Look for the line that has "y $ j \<and>" in the material below; please repeat it and every line after it, exactly, up to and including the line that has "(2 * e) *\<^sub>R", and nothing else.

:::

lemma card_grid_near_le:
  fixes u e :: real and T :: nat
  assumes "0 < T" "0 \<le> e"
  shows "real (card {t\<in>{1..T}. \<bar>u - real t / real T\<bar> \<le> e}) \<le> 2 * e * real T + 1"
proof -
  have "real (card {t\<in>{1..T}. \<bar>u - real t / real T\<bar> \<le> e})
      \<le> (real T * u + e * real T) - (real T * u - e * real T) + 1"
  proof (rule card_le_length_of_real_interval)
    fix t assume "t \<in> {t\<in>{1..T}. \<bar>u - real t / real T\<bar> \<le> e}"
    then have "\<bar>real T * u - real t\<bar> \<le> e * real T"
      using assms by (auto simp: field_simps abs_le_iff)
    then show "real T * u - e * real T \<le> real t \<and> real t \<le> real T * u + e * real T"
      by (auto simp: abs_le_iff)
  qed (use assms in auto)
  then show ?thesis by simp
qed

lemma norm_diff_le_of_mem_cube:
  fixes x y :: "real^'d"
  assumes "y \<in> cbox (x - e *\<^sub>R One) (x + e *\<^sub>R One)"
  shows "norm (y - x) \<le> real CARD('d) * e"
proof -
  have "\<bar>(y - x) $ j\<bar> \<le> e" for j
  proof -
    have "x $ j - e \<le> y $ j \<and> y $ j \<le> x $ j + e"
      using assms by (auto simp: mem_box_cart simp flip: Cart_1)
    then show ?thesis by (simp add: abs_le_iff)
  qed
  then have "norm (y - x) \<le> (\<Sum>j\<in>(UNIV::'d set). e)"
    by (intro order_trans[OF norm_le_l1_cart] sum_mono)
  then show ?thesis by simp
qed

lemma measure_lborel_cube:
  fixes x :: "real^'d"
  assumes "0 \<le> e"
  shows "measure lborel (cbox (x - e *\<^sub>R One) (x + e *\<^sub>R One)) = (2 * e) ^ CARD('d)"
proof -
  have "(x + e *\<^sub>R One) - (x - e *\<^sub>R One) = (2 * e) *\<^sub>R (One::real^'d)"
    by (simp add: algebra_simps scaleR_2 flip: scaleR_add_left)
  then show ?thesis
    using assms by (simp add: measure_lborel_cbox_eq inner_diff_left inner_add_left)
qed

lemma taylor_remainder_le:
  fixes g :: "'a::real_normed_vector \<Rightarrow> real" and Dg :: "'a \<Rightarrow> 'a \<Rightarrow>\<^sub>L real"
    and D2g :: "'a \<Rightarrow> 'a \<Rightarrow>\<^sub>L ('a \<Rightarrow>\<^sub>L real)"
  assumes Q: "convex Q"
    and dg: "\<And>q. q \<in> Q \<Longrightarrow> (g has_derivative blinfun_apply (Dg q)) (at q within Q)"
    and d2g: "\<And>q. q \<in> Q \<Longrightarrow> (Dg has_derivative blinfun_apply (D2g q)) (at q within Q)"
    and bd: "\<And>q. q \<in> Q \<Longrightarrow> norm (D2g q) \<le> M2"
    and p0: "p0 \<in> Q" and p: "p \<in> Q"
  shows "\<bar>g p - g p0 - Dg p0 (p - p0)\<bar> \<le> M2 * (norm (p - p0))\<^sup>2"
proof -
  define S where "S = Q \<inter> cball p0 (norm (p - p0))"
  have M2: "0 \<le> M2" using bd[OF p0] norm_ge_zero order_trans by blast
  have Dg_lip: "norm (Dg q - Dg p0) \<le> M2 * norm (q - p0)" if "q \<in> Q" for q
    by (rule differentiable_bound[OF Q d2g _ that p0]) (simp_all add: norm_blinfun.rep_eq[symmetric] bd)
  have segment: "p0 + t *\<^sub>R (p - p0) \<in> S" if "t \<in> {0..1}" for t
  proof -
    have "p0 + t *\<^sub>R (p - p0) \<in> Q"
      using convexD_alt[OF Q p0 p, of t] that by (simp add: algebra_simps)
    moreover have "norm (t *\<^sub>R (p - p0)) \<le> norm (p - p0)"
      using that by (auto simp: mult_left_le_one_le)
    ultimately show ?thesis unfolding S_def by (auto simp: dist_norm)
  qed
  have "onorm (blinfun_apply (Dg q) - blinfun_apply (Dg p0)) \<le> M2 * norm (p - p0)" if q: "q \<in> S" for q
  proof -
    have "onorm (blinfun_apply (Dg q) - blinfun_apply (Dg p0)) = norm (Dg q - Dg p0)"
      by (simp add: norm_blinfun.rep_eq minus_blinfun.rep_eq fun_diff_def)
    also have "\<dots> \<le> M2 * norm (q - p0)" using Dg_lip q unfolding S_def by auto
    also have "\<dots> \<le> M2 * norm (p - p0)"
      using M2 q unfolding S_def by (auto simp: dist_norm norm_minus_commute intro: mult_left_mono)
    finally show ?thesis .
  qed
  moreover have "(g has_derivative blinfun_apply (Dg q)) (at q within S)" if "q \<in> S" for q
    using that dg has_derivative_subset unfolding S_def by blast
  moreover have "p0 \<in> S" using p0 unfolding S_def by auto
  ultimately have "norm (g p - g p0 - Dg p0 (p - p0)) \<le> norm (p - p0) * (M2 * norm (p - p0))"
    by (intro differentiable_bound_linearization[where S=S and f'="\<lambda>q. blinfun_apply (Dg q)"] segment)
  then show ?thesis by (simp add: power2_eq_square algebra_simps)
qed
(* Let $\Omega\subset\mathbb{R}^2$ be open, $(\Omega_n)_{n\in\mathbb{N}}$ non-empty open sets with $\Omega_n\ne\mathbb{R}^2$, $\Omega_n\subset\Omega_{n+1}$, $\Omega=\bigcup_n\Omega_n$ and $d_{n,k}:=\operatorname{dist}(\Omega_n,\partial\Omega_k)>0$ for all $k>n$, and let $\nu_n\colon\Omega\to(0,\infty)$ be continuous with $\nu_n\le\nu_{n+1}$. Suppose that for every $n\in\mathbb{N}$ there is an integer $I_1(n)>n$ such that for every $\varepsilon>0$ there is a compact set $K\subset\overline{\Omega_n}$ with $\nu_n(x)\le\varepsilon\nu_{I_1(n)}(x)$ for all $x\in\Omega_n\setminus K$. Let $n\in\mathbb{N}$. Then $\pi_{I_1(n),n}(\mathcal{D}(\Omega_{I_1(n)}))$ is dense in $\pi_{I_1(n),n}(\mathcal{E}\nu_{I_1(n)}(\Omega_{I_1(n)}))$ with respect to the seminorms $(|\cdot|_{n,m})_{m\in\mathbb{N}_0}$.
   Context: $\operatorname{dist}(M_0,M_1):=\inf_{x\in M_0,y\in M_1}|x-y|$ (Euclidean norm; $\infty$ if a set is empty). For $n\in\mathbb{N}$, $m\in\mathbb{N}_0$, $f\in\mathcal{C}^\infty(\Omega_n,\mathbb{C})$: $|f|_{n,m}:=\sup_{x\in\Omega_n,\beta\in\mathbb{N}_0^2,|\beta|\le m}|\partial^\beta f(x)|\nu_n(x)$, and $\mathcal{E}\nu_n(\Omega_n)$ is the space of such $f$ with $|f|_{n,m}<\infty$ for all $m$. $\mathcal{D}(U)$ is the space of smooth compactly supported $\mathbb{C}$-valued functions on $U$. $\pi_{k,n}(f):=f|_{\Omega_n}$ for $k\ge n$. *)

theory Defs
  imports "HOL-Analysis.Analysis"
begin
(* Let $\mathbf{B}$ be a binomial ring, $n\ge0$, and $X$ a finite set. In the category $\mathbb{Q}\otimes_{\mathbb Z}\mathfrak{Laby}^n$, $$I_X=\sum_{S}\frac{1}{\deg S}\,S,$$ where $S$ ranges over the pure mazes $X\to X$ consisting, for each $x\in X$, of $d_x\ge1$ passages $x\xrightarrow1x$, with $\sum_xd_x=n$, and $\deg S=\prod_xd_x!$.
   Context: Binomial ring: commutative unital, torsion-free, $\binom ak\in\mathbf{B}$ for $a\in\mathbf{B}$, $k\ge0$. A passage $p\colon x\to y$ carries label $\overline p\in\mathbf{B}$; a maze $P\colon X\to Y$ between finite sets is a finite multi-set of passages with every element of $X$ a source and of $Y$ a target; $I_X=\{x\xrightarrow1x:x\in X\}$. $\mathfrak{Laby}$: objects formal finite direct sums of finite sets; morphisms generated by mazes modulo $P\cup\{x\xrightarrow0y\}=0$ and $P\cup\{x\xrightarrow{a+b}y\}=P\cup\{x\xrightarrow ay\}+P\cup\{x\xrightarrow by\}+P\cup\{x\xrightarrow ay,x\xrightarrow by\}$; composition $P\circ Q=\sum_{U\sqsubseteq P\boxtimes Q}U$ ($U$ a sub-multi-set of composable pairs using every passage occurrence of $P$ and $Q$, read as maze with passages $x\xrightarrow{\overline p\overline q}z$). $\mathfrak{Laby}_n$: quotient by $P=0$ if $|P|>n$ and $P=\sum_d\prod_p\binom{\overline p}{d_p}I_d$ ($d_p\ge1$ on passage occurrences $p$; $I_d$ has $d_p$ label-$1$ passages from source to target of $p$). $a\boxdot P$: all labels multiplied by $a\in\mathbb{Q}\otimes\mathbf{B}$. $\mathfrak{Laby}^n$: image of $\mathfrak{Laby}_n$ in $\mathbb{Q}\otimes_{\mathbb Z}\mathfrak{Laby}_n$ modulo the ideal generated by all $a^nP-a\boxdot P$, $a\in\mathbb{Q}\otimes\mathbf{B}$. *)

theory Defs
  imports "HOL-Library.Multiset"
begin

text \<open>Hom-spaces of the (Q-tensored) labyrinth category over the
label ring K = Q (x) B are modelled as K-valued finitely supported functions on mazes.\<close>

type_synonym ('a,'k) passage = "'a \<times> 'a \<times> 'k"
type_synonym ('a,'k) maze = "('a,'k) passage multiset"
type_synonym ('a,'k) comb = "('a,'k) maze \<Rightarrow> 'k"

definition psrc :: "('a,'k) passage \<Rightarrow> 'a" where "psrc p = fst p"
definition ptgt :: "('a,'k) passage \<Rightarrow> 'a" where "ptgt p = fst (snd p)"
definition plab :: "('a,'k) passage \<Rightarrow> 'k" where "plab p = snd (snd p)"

:::

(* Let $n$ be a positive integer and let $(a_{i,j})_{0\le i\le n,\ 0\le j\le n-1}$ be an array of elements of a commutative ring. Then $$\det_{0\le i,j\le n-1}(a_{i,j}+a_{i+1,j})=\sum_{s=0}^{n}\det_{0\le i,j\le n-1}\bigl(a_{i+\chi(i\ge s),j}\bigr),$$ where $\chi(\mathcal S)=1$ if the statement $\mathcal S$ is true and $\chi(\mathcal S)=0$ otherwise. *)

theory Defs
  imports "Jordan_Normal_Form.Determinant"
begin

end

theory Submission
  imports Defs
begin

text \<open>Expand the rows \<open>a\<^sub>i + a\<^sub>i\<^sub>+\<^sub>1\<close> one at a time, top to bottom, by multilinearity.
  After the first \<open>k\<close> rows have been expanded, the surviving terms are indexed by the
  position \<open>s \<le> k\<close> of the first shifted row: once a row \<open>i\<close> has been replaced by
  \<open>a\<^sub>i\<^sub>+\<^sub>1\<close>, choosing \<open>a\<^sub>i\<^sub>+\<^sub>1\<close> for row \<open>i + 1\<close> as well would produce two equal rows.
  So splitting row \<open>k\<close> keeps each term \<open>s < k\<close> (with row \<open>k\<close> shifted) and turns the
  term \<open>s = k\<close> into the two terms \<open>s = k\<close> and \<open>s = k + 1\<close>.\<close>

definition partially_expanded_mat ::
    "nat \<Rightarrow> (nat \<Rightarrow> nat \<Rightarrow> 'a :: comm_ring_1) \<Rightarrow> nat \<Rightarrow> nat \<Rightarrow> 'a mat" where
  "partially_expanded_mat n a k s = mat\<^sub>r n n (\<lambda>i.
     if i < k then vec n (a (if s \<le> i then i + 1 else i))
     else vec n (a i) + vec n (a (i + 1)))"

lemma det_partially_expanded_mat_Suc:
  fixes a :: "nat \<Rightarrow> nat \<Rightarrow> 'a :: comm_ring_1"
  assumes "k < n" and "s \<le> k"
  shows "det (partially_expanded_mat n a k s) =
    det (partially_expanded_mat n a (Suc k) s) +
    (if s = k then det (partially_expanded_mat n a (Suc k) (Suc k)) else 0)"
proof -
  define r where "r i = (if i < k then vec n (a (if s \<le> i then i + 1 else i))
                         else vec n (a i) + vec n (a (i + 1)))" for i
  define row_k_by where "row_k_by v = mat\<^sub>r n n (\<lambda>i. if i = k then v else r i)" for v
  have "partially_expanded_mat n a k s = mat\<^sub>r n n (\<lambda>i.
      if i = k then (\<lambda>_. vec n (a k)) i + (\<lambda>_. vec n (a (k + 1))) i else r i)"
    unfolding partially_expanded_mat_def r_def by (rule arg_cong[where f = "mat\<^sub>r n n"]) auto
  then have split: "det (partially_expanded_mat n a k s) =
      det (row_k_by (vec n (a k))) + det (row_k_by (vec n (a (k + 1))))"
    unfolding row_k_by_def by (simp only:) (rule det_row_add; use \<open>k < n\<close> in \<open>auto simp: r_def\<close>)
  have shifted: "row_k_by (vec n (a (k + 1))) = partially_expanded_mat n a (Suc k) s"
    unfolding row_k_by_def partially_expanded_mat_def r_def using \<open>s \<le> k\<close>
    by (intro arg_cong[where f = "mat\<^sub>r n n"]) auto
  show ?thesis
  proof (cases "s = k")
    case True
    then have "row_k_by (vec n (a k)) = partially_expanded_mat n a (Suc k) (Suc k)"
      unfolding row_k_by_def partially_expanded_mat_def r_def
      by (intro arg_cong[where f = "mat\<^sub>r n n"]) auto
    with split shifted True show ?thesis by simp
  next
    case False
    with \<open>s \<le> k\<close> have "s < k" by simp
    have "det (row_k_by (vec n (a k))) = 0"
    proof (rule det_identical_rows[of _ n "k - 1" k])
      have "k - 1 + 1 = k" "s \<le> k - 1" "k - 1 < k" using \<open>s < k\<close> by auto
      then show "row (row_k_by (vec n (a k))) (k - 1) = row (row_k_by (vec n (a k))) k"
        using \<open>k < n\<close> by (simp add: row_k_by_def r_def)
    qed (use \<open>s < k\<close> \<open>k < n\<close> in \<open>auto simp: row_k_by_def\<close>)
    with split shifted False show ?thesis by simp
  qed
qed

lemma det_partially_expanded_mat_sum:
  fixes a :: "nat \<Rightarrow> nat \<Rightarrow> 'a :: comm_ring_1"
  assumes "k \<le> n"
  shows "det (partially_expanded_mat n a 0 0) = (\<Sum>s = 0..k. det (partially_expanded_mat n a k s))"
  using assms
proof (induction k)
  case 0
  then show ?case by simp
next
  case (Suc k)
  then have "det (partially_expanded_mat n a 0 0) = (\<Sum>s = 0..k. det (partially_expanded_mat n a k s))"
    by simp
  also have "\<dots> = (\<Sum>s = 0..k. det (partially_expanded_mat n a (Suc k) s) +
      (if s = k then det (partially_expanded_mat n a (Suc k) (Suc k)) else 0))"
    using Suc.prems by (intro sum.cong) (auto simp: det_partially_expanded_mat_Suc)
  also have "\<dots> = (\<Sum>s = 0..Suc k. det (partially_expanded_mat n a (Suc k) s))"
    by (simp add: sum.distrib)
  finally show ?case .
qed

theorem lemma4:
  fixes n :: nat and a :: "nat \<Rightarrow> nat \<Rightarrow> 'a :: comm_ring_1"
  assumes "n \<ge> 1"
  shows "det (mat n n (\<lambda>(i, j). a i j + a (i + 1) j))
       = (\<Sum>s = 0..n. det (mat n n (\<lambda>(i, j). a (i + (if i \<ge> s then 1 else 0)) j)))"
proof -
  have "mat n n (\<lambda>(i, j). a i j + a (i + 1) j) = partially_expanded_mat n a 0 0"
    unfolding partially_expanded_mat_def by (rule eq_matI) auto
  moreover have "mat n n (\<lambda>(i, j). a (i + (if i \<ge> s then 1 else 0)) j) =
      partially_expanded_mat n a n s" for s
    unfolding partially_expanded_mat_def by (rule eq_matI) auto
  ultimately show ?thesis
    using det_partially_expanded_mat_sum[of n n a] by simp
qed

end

:::

**YOUR RESPONSE**:
    have "x $ j - e \<le> y $ j \<and> y $ j \<le> x $ j + e"
      using assms by (auto simp: mem_box_cart simp flip: Cart_1)
    then show ?thesis by (simp add: abs_le_iff)
  qed
  then have "norm (y - x) \<le> (\<Sum>j\<in>(UNIV::'d set). e)"
    by (intro order_trans[OF norm_le_l1_cart] sum_mono)
  then show ?thesis by simp
qed

lemma measure_lborel_cube:
  fixes x :: "real^'d"
  assumes "0 \<le> e"
  shows "measure lborel (cbox (x - e *\<^sub>R One) (x + e *\<^sub>R One)) = (2 * e) ^ CARD('d)"
proof -
  have "(x + e *\<^sub>R One) - (x - e *\<^sub>R One) = (2 * e) *\<^sub>R (One::real^'d)"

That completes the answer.